* _What is required_
Please copy out every line in the entries that includes the word "also".

- - - - -

lemma mult_mat_vec_scalar_prod:
  fixes A :: "'a :: comm_semiring_0 mat"
  assumes "A \<in> carrier_mat n m" "x \<in> carrier_vec m" "y \<in> carrier_vec m"
  shows "(A *\<^sub>v x) \<bullet> (A *\<^sub>v y) = x \<bullet> ((transpose_mat A * A) *\<^sub>v y)"
  using assms transpose_vec_mult_scalar[of A n m x "A *\<^sub>v y"]
  by (simp add: comm_scalar_prod[of x m] comm_scalar_prod[of "A *\<^sub>v x" n])

lemma eigenvector_mult_transpose:
  fixes A :: "'a :: field mat"
  assumes A: "A \<in> carrier_mat n m" and x: "x \<in> carrier_vec m"
    and eig: "(transpose_mat A * A) *\<^sub>v x = \<mu> \<cdot>\<^sub>v x"
  shows "(A * transpose_mat A) *\<^sub>v (A *\<^sub>v x) = \<mu> \<cdot>\<^sub>v (A *\<^sub>v x)"
proof -
  have "(A * transpose_mat A) *\<^sub>v (A *\<^sub>v x) = A *\<^sub>v ((transpose_mat A * A) *\<^sub>v x)"
    using A x by simp
  then show ?thesis using A x by (simp add: eig mult_mat_vec)
qed

lemma orthonormal_eigenvectors_mult_transpose:
  fixes A :: "real mat" and \<psi> :: "'i \<Rightarrow> real vec"
  assumes A: "A \<in> carrier_mat n m"
    and \<psi>: "\<And>i. i \<in> I \<Longrightarrow> \<psi> i \<in> carrier_vec m"
    and orth: "\<And>i j. i \<in> I \<Longrightarrow> j \<in> I \<Longrightarrow> \<psi> i \<bullet> \<psi> j = (if i = j then 1 else 0)"
    and eig: "\<And>i. i \<in> I \<Longrightarrow> (transpose_mat A * A) *\<^sub>v \<psi> i = \<mu> i \<cdot>\<^sub>v \<psi> i"
    and pos: "\<And>i. i \<in> I \<Longrightarrow> \<mu> i > 0"
  defines "\<phi> \<equiv> \<lambda>i. (1 / sqrt (\<mu> i)) \<cdot>\<^sub>v (A *\<^sub>v \<psi> i)"
  shows "\<And>i. i \<in> I \<Longrightarrow> \<phi> i \<in> carrier_vec n"
    and "\<And>i. i \<in> I \<Longrightarrow> (A * transpose_mat A) *\<^sub>v \<phi> i = \<mu> i \<cdot>\<^sub>v \<phi> i"
    and "\<And>i j. i \<in> I \<Longrightarrow> j \<in> I \<Longrightarrow> \<phi> i \<bullet> \<phi> j = (if i = j then 1 else 0)"
proof -
  fix i j assume i: "i \<in> I" and j: "j \<in> I"
  show "\<phi> i \<in> carrier_vec n" using A \<psi>[OF i] by (simp add: \<phi>_def)
  show "(A * transpose_mat A) *\<^sub>v \<phi> i = \<mu> i \<cdot>\<^sub>v \<phi> i"
    using A \<psi>[OF i] eigenvector_mult_transpose[OF A \<psi>[OF i] eig[OF i]]
    by (simp add: \<phi>_def mult_mat_vec smult_smult_assoc mult.commute)
  have "(A *\<^sub>v \<psi> i) \<bullet> (A *\<^sub>v \<psi> j) = \<mu> j * (\<psi> i \<bullet> \<psi> j)"
    using A \<psi>[OF i] \<psi>[OF j] by (simp add: mult_mat_vec_scalar_prod eig[OF j])
  then show "\<phi> i \<bullet> \<phi> j = (if i = j then 1 else 0)"
    using A pos[OF i] pos[OF j] \<psi>[OF i] \<psi>[OF j] by (simp add: \<phi>_def orth[OF i j])
qed

lemma card_heavy_coordinates_le:
  fixes \<psi> :: "'i \<Rightarrow> real vec"
  assumes I: "finite I" and \<psi>: "\<And>i. i \<in> I \<Longrightarrow> \<psi> i \<in> carrier_vec m"
    and unit: "\<And>i. i \<in> I \<Longrightarrow> \<psi> i \<bullet> \<psi> i = 1"
  shows "real (card {u. u < m \<and> (\<Sum>i\<in>I. (\<psi> i $ u)\<^sup>2) > \<delta>}) * \<delta> \<le> real (card I)"
proof -
  define S where "S = {u. u < m \<and> (\<Sum>i\<in>I. (\<psi> i $ u)\<^sup>2) > \<delta>}"
  have "real (card S) * \<delta> = (\<Sum>u\<in>S. \<delta>)" by simp
  also have "\<dots> \<le> (\<Sum>u\<in>S. \<Sum>i\<in>I. (\<psi> i $ u)\<^sup>2)"
    by (rule sum_mono) (simp add: S_def less_imp_le)
  also have "\<dots> \<le> (\<Sum>u<m. \<Sum>i\<in>I. (\<psi> i $ u)\<^sup>2)"
    by (rule sum_mono2) (auto simp: S_def intro: sum_nonneg)
  also have "\<dots> = (\<Sum>i\<in>I. \<Sum>u<m. (\<psi> i $ u)\<^sup>2)" by (rule sum.swap)
  also have "\<dots> = (\<Sum>i\<in>I. \<psi> i \<bullet> \<psi> i)"
    using \<psi> by (intro sum.cong) (auto simp: scalar_prod_def power2_eq_square lessThan_atLeast0 dest: carrier_vecD)
  also have "\<dots> = real (card I)" by (simp add: unit)
  finally show ?thesis unfolding S_def .
qed

lemma card_lessThan_filter_eq_sum_of_bool:
  fixes m :: nat
  shows "of_nat (card {u. u < m \<and> P u}) = (\<Sum>u<m. of_bool (P u) :: 'a :: semiring_1)"
proof -
  have "{u. u < m \<and> P u} = {..<m} \<inter> {u. P u}" by auto
  then show ?thesis by simp
qed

- - - - -

* _Your response_
  also have "\<dots> \<le> (\<Sum>u\<in>S. \<Sum>i\<in>I. (\<psi> i $ u)\<^sup>2)"
  also have "\<dots> \<le> (\<Sum>u<m. \<Sum>i\<in>I. (\<psi> i $ u)\<^sup>2)"
  also have "\<dots> = (\<Sum>i\<in>I. \<Sum>u<m. (\<psi> i $ u)\<^sup>2)" by (rule sum.swap)
  also have "\<dots> = (\<Sum>i\<in>I. \<psi> i \<bullet> \<psi> i)"
  also have "\<dots> = real (card I)" by (simp add: unit)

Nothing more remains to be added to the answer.